AN, NBT and AIBN were purchased from SD Fine Chemicals, India. DOX of purity >99% was obtained from Innova Life Sciences Pvt. Ltd India and was used without further purification. Other chemicals and solvents (purity >98%) were indigenously procured of analytical reagent grade and used without further purification. De-ionized water was obtained from a PURE ROUP 30 water purification system was used in this experiment.
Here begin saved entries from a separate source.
(* Let $D$ be a unital commutative C*-algebra and let $\Delta\subseteq \mathrm{T}(D)$ be a closed convex set of tracial states whose set of extreme points $\partial\Delta$ is compact. Assume that for each $n\in\mathbb N$ there is a partition of unity $p_1,\dots,p_n\in\ell^\infty(D)/J_{2,\omega,\Delta}$ such that $\tau(p_i)=\frac1n$ for all $\tau\in\Delta_\omega$ and $i=1,\dots,n$, and such that $\Delta$ is ample with respect to each $p_i$, $i=1,\dots,n$. Then such a partition of unity satisfies $\tau(p_iap_i)=\frac1n\tau(a)$ for all $a\in D$, $\tau\in\Delta_\omega$, $i=1,\dots,n$. In particular, $(D,\Delta)$ is approximately divisible.
   Context: $\omega$ is a free ultrafilter on $\mathbb N$. $J_{2,\omega,\Delta}=\{(f_n)\in\ell^\infty(D):\lim_{n\to\omega}\sup_{\tau\in\Delta}\tau(|f_n|^2)=0\}$. $\Delta_\omega$ is the set of traces on $\ell^\infty(D)$ of the form $\tau((a_i))=\lim_{i\to\omega}\tau_i(a_i)$ with $\tau_i\in\Delta$; they vanish on $J_{2,\omega,\Delta}$ and are regarded as traces on the quotient. For a sequence $(\tau_n)$ in $\Delta$ write $(\tau_n)_\omega$ for this limit trace. Elements of $D$ are regarded as constant sequences. A partition of unity means mutually orthogonal projections summing to $1$. For a nonzero positive contraction $c=\overline{(c_n)}\in\ell^\infty(D)/J_{2,\omega,\Delta}$, $\Delta$ is ample with respect to $c$ if for every sequence $(\tau_n)$ in $\Delta$ the functionals $x\mapsto (\tau_n)_\omega(xc)/(\tau_n)_\omega(c)$ and $x\mapsto (\tau_n)_\omega(x(1-c))/(1-(\tau_n)_\omega(c))$ on $D$ belong to $\Delta$ (when $(\tau_n)_\omega(c)=0$, only the second is required; when it equals $1$, only the first). $(D,\Delta)$ is approximately divisible if there is $K>0$ such that for each $n$ there is a partition of unity $p_1,\dots,p_n\in\ell^\infty(D)/J_{2,\omega,\Delta}$ with $\tau(p_iap_i)\le\frac Kn\tau(a)$ for all $a\in D^+$, $\tau\in\Delta_\omega$, $i=1,\dots,n$. *)

theory Defs
  imports "HOL-Analysis.Analysis"
begin

text \<open>Model: a unital commutative C*-algebra D is (by Gelfand duality) C(X) for a
compact Hausdorff space X; here X is a type 'a with t2 topology and compact UNIV,
and D = CX = continuous complex functions on X. Functionals on D are functions
(('a => complex) => complex) that vanish outside CX (extensional); the weak*
topology is then the product topology on the function type.\<close>

definition CX :: "('a::topological_space \<Rightarrow> complex) set" where
  "CX = {f. continuous_on UNIV f}"

definition cmul :: "('a \<Rightarrow> complex) \<Rightarrow> ('a \<Rightarrow> complex) \<Rightarrow> ('a \<Rightarrow> complex)" where
  "cmul f g = (\<lambda>x. f x * g x)"

definition positive_el :: "('a::topological_space \<Rightarrow> complex) \<Rightarrow> bool" where
  "positive_el f \<longleftrightarrow> f \<in> CX \<and> (\<forall>x. Im (f x) = 0 \<and> Re (f x) \<ge> 0)"

definition tracial_state :: "(('a::topological_space \<Rightarrow> complex) \<Rightarrow> complex) \<Rightarrow> bool" where
  "tracial_state \<tau> \<longleftrightarrow>
     (\<forall>f. f \<notin> CX \<longrightarrow> \<tau> f = 0) \<and>
     (\<forall>f\<in>CX. \<forall>g\<in>CX. \<tau> (\<lambda>x. f x + g x) = \<tau> f + \<tau> g) \<and>
     (\<forall>f\<in>CX. \<forall>c. \<tau> (\<lambda>x. c * f x) = c * \<tau> f) \<and>
     (\<forall>f. positive_el f \<longrightarrow> Im (\<tau> f) = 0 \<and> Re (\<tau> f) \<ge> 0) \<and>
     (\<forall>f\<in>CX. \<forall>g\<in>CX. \<tau> (cmul f g) = \<tau> (cmul g f)) \<and>
     \<tau> (\<lambda>x. 1) = 1"

definition convex_fset :: "(('a \<Rightarrow> complex) \<Rightarrow> complex) set \<Rightarrow> bool" where
  "convex_fset S \<longleftrightarrow> (\<forall>\<sigma>\<in>S. \<forall>\<rho>\<in>S. \<forall>t::real. 0 \<le> t \<and> t \<le> 1 \<longrightarrow>
      (\<lambda>f. complex_of_real t * \<sigma> f + complex_of_real (1 - t) * \<rho> f) \<in> S)"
A series of PNCs was prepared through AIBN initiated polymerization of AN monomer in presence of NBT at optimized MW power and time settings. Prior to polymerization reactions, the inhibitor content of AN monomer has been removed through extracting into NaOH (10%, w/w), followed by distillation under reduced pressure and remaining fraction (λmax: 221.0, density: 0.806 g dm⁻³) was collected to used. For the MW synthesis of PAN a glass vial (10 ml) was charged with AN (1.0 ml; 1.52 × 10^–2 mol) and AIBN (50 mg, 3.05 × 10⁻⁴ mol). The contents were subjected to MW irradiation at 25–50 W power over 10 min, where PAN has been isolated as an amorphous white solid. All PNCs were synthesized through AIBN initiated free radical in situ polymerization of AN in presence of NBT. For this purpose AN (1.0 ml; 1.52 × 10⁻² mol), NBT (8.0 mg, 0.35 × 10⁻⁴ mol) and AIBN (50 mg, 3.05 × 10⁻⁴ mol) were taken in a glass vial and the content were subjected to MW at power ranging 25–50 W over 10 min. The PNCs were isolated as crystalline materials, that was further proved by microstructure analysis (scheme 1).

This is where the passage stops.